* Work to complete *
Please report every line of the listing below that has the word "euclideanreal" in it.
☆ ☆ ☆ ☆
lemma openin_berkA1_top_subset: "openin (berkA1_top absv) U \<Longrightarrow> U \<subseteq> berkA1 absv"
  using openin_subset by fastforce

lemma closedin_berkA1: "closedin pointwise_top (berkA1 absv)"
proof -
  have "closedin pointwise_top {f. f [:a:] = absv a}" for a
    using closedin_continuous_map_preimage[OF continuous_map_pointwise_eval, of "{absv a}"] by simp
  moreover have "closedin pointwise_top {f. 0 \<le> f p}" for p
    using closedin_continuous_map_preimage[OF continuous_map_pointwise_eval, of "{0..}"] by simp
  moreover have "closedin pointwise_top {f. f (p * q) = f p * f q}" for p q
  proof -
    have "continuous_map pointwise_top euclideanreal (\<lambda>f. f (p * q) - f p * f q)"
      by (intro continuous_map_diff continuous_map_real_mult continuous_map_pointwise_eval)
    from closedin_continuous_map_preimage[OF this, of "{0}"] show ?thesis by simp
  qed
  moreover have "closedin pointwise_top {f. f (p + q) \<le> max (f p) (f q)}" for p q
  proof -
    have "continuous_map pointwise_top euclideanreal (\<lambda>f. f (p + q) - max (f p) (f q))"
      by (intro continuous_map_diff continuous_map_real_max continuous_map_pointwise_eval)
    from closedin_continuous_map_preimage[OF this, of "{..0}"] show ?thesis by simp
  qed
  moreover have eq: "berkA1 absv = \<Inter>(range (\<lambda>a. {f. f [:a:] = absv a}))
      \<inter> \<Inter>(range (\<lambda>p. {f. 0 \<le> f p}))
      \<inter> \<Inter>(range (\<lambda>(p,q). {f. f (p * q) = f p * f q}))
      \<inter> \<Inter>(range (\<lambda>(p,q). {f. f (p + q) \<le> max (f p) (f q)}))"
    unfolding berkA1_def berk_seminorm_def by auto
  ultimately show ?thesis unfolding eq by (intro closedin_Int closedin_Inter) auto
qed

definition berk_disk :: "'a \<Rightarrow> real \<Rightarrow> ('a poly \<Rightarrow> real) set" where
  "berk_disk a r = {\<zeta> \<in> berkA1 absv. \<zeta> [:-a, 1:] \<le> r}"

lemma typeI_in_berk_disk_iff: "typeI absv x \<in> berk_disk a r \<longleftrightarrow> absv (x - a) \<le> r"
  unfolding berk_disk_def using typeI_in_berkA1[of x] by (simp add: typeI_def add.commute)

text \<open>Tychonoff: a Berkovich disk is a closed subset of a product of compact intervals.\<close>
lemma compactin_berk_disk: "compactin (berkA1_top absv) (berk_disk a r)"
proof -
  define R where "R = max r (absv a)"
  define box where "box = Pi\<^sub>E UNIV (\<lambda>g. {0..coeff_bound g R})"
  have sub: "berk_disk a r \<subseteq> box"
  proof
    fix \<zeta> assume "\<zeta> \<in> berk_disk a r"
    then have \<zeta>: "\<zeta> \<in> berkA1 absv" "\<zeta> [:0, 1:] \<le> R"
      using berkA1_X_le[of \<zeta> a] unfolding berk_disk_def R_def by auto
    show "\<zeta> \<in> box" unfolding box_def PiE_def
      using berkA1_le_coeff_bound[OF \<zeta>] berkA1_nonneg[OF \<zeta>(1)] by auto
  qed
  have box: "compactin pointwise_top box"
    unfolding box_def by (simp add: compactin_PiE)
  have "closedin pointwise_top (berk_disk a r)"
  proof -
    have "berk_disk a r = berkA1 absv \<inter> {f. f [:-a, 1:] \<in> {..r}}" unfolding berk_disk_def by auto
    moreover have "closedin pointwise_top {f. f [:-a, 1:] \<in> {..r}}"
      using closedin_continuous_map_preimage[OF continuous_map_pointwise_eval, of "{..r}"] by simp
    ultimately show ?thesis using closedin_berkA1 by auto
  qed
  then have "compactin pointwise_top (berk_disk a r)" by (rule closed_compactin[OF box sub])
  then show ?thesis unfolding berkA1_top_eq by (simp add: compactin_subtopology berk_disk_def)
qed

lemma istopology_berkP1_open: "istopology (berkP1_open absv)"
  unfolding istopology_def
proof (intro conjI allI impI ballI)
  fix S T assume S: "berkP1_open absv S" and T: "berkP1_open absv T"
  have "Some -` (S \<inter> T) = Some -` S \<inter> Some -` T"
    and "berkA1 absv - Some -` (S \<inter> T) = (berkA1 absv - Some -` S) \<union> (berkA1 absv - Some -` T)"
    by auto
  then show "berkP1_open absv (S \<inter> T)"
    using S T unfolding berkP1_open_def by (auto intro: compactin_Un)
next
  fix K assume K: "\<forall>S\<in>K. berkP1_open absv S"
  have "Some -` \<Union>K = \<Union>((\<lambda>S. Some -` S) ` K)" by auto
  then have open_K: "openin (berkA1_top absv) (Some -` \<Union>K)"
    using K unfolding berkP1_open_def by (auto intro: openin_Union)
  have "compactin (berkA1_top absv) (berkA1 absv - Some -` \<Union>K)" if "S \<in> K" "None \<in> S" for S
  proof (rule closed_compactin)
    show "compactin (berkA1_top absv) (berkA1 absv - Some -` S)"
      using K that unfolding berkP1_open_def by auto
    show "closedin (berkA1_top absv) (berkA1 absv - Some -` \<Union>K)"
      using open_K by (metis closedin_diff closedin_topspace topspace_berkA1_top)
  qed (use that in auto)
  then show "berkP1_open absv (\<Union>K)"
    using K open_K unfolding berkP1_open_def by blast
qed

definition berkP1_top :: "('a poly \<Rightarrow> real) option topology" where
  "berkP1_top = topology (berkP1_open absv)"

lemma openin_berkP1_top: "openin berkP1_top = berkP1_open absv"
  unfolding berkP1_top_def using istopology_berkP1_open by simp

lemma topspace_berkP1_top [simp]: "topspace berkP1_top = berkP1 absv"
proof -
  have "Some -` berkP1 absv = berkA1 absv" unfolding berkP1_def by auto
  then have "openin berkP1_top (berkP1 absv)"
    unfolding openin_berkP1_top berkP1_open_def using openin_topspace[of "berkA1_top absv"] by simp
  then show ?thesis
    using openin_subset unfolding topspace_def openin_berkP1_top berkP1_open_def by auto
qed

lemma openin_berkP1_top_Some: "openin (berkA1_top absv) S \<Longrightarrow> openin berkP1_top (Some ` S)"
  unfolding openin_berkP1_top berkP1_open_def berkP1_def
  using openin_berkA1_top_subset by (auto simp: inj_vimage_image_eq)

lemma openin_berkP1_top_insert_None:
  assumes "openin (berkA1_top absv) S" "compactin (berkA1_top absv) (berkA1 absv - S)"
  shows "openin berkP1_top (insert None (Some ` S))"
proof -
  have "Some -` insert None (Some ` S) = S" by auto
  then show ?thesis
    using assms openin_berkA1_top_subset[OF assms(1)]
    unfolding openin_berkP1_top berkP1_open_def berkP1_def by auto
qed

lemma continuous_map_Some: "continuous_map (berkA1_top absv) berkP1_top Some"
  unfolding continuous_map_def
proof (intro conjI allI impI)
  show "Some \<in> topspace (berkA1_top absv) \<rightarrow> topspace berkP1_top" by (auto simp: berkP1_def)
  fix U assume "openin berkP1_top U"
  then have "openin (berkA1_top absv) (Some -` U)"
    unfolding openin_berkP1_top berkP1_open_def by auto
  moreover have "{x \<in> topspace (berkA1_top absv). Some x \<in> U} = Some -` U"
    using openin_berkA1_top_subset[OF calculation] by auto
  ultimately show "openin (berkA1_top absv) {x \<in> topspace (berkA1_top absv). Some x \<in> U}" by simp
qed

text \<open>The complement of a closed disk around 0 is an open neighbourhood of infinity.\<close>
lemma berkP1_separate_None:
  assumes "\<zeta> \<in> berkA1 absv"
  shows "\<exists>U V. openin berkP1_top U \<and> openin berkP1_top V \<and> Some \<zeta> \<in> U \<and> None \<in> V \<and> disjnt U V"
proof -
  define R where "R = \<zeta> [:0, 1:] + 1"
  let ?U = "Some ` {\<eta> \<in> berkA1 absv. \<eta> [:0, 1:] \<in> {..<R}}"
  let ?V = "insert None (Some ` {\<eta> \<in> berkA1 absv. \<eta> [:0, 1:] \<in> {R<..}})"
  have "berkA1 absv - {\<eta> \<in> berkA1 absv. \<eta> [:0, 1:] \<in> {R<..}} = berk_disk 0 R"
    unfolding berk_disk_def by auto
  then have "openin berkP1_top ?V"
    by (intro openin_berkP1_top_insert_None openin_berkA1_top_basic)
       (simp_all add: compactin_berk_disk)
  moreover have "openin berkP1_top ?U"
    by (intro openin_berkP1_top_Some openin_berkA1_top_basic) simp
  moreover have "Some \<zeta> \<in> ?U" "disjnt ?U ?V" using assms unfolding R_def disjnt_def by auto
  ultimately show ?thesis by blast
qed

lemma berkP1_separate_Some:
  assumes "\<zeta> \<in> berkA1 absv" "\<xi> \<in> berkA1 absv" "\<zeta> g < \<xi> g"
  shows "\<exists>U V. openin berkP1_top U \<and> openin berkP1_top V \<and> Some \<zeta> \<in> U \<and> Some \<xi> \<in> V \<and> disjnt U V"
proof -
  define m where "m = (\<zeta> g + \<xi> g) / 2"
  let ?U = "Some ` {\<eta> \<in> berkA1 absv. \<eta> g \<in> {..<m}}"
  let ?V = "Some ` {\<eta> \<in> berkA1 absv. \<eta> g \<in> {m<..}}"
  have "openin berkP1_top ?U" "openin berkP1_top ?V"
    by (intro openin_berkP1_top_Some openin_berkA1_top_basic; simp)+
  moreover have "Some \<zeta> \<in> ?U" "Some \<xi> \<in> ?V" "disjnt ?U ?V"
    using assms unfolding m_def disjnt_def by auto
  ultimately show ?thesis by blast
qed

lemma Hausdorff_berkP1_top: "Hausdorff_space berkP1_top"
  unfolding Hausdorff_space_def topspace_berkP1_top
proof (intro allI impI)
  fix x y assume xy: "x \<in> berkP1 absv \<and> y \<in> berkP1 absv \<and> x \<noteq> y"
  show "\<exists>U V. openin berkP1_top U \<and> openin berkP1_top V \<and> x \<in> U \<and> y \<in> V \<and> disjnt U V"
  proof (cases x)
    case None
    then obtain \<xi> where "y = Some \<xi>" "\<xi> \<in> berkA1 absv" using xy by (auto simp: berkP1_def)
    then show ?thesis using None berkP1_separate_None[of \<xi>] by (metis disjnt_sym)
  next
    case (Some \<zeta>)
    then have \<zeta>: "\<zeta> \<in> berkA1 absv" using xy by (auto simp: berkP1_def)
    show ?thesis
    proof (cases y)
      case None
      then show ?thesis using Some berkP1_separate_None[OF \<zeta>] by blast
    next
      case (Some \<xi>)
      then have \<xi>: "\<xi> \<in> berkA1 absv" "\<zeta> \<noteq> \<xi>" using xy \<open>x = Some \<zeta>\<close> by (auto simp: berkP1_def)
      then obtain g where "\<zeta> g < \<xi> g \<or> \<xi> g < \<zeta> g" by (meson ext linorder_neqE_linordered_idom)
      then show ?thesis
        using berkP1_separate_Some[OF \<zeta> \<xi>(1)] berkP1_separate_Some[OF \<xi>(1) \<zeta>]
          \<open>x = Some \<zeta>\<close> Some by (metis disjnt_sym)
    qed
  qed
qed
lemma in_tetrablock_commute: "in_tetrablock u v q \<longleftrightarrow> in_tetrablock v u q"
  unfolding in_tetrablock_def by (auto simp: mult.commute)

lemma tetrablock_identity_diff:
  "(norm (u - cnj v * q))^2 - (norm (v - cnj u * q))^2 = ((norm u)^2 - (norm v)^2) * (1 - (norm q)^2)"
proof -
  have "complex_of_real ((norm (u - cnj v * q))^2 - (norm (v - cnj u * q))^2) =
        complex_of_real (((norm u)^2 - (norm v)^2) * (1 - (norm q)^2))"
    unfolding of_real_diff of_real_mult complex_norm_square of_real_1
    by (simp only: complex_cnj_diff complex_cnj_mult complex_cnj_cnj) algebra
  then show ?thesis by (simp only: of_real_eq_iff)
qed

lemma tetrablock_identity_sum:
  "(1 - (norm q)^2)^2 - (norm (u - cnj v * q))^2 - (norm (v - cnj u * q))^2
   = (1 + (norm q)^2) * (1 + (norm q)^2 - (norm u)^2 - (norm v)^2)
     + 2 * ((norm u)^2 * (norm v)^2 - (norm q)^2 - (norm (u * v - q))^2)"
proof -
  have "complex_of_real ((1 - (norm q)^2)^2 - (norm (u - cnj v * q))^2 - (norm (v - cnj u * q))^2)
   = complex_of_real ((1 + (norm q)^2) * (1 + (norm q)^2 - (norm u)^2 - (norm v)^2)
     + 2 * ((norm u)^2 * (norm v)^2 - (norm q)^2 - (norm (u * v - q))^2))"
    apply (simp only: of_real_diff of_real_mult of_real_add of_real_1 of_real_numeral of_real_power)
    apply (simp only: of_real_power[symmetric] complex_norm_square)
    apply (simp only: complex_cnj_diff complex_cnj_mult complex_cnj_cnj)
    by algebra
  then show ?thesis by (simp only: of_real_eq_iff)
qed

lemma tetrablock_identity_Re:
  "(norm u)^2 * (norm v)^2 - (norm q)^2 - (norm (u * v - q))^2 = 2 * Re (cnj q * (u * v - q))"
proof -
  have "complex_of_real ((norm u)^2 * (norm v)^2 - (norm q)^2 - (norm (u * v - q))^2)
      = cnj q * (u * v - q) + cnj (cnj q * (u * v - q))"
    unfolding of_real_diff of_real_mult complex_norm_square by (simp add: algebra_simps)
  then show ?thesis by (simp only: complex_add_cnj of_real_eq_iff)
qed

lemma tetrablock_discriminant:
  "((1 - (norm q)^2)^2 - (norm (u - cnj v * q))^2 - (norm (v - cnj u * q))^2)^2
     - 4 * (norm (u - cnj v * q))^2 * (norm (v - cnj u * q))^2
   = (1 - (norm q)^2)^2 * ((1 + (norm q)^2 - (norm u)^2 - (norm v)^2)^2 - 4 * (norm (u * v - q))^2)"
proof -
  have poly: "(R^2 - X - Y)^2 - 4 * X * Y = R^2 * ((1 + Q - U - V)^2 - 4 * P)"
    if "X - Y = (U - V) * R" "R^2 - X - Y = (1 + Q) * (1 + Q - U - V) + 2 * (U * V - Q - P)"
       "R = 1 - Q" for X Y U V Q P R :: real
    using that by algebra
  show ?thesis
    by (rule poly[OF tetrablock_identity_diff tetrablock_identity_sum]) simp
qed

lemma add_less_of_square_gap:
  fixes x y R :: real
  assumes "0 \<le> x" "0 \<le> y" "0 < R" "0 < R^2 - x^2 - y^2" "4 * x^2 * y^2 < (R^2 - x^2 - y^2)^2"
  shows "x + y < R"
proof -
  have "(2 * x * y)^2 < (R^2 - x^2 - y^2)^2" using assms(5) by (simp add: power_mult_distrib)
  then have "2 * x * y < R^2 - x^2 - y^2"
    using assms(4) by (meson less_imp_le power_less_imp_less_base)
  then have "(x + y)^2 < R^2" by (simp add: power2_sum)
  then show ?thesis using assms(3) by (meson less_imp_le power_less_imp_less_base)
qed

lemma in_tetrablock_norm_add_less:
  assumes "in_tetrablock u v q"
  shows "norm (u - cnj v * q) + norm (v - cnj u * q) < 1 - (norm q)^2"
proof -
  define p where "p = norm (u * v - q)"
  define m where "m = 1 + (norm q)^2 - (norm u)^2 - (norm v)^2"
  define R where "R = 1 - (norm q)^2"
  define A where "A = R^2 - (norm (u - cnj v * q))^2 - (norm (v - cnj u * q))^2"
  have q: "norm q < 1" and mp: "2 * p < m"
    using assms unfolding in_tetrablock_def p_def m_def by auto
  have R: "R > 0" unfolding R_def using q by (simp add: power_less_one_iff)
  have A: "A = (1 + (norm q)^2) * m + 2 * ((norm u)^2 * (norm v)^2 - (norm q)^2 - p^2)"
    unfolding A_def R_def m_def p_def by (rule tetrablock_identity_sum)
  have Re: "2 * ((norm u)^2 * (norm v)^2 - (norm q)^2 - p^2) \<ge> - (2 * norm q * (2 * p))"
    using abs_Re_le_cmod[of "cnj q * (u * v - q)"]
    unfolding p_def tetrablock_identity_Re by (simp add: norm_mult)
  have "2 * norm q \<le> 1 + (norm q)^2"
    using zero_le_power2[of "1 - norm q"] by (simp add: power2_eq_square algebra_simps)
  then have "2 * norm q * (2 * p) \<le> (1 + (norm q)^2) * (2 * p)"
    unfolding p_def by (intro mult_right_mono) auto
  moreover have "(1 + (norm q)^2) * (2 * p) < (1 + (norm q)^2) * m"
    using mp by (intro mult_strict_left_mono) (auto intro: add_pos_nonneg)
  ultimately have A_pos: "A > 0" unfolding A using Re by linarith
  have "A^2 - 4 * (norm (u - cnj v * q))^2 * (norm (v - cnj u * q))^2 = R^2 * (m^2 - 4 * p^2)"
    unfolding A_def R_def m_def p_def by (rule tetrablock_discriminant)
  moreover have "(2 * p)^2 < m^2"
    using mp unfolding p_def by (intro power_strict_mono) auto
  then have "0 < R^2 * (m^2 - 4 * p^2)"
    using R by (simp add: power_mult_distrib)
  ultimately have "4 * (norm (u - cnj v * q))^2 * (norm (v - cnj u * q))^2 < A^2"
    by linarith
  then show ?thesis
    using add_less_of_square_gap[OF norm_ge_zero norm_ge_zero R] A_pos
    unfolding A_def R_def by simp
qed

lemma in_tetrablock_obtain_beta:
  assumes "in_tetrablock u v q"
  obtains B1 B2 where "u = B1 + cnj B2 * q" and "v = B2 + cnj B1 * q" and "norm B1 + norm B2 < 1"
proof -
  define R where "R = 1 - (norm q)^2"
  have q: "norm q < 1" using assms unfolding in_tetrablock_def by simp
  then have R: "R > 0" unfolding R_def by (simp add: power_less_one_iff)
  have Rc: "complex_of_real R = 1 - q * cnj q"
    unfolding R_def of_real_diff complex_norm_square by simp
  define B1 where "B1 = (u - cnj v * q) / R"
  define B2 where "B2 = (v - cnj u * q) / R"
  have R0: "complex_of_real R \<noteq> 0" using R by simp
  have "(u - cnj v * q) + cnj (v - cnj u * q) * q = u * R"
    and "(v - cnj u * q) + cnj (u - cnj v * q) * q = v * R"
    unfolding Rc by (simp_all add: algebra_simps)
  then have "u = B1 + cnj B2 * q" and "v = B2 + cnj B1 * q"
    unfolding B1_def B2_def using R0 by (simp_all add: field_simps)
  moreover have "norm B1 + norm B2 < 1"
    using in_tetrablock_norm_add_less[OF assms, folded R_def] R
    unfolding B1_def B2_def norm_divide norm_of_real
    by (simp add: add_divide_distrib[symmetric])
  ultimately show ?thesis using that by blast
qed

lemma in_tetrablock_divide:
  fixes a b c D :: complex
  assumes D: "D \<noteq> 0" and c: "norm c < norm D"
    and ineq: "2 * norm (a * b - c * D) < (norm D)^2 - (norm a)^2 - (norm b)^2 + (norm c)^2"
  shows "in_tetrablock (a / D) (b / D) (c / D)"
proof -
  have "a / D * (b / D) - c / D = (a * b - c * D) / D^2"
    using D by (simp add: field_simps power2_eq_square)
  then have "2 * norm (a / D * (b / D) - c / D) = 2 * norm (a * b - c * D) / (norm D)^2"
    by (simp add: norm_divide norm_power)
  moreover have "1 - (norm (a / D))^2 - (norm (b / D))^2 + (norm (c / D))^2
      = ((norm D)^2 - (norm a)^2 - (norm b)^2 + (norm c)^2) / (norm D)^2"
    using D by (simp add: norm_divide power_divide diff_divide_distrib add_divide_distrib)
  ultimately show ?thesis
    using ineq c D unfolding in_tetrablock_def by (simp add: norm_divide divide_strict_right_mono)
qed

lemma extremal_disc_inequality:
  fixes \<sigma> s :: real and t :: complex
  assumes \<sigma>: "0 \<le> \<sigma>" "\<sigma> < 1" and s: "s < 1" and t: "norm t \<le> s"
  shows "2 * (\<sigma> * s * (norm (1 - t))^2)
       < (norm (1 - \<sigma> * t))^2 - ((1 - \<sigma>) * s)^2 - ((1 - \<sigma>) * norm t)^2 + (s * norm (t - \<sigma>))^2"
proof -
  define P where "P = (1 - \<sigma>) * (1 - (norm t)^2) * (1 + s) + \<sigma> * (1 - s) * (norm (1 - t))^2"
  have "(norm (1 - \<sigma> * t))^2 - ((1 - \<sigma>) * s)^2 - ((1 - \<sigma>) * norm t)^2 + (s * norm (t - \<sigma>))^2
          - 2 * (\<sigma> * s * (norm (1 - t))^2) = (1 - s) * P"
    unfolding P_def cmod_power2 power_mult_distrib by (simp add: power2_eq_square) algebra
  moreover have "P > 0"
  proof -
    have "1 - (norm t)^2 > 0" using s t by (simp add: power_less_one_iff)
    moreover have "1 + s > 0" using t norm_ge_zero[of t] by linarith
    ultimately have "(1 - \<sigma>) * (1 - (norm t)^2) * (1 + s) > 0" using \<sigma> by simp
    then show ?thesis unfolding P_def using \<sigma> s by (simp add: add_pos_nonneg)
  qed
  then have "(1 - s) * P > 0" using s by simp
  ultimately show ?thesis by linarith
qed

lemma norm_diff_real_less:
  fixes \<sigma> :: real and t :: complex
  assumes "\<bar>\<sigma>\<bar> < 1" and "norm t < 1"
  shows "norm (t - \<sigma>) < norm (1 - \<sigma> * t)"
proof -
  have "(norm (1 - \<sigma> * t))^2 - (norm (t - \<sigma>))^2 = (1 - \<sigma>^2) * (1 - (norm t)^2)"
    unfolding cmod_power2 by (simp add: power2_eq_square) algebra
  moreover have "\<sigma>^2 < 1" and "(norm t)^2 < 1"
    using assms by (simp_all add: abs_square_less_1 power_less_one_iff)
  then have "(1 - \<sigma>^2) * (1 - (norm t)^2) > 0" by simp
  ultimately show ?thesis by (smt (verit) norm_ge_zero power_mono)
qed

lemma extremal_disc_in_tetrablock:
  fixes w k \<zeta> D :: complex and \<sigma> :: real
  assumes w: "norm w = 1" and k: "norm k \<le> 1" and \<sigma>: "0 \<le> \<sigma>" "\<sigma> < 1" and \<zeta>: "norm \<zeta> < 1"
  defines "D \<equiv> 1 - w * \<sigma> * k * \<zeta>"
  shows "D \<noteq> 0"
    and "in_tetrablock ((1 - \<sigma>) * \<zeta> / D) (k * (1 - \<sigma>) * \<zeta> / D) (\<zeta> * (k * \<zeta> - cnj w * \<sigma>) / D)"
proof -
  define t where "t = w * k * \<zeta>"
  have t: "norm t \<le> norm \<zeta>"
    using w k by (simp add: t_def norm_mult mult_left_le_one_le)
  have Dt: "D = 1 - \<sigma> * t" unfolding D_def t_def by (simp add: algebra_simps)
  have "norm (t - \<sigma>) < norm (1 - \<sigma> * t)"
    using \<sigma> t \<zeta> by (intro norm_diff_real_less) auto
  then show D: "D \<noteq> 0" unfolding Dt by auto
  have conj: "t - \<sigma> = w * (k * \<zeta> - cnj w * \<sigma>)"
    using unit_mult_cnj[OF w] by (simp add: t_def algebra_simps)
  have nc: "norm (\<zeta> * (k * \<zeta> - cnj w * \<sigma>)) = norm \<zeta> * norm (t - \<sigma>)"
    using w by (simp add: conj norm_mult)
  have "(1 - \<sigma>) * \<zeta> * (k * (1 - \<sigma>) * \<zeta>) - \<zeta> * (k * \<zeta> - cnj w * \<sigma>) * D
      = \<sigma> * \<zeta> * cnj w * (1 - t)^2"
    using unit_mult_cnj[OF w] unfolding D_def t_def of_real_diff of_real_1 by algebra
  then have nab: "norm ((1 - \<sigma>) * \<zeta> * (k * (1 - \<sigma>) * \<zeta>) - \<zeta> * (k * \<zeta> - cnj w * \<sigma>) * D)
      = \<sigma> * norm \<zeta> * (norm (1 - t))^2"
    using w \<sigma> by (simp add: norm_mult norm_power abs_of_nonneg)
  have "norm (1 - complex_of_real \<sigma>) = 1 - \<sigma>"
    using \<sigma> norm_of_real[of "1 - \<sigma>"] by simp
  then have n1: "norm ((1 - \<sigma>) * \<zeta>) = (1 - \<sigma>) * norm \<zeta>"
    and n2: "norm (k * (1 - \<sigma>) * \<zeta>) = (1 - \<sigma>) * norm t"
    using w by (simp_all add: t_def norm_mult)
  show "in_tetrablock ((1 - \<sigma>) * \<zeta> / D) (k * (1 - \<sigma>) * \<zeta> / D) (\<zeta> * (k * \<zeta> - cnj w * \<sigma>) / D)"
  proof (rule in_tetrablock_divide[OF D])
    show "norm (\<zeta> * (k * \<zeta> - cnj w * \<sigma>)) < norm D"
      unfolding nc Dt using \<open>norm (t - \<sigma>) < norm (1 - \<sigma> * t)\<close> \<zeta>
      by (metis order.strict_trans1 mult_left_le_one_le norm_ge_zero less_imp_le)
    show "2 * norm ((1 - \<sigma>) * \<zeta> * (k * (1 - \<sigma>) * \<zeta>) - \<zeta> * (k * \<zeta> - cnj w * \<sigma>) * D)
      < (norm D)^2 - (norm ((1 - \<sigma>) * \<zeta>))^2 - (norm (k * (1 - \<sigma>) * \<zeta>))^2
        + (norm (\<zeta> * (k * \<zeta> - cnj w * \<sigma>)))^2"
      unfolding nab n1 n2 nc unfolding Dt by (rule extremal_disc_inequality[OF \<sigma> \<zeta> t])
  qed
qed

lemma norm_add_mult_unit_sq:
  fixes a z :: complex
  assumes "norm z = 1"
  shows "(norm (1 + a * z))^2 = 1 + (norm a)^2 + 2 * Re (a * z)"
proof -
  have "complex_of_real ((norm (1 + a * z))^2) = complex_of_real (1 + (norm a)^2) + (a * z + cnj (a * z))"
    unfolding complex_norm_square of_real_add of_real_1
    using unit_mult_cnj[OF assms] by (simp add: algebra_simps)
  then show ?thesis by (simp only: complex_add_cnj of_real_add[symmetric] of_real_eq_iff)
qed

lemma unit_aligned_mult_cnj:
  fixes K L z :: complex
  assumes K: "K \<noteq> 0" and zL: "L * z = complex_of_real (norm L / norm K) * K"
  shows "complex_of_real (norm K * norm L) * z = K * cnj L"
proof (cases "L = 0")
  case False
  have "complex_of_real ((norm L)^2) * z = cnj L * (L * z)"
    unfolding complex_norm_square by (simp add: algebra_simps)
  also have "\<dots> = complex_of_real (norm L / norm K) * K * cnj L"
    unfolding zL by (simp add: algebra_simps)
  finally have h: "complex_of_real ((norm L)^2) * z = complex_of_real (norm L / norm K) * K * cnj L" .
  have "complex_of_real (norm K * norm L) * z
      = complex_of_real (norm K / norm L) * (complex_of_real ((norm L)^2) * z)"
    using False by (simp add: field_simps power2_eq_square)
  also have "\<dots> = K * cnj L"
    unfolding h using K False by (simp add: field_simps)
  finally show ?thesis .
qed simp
☆ ☆ ☆ ☆
* Exercise response *
    have "continuous_map pointwise_top euclideanreal (\<lambda>f. f (p * q) - f p * f q)"
    have "continuous_map pointwise_top euclideanreal (\<lambda>f. f (p + q) - max (f p) (f q))"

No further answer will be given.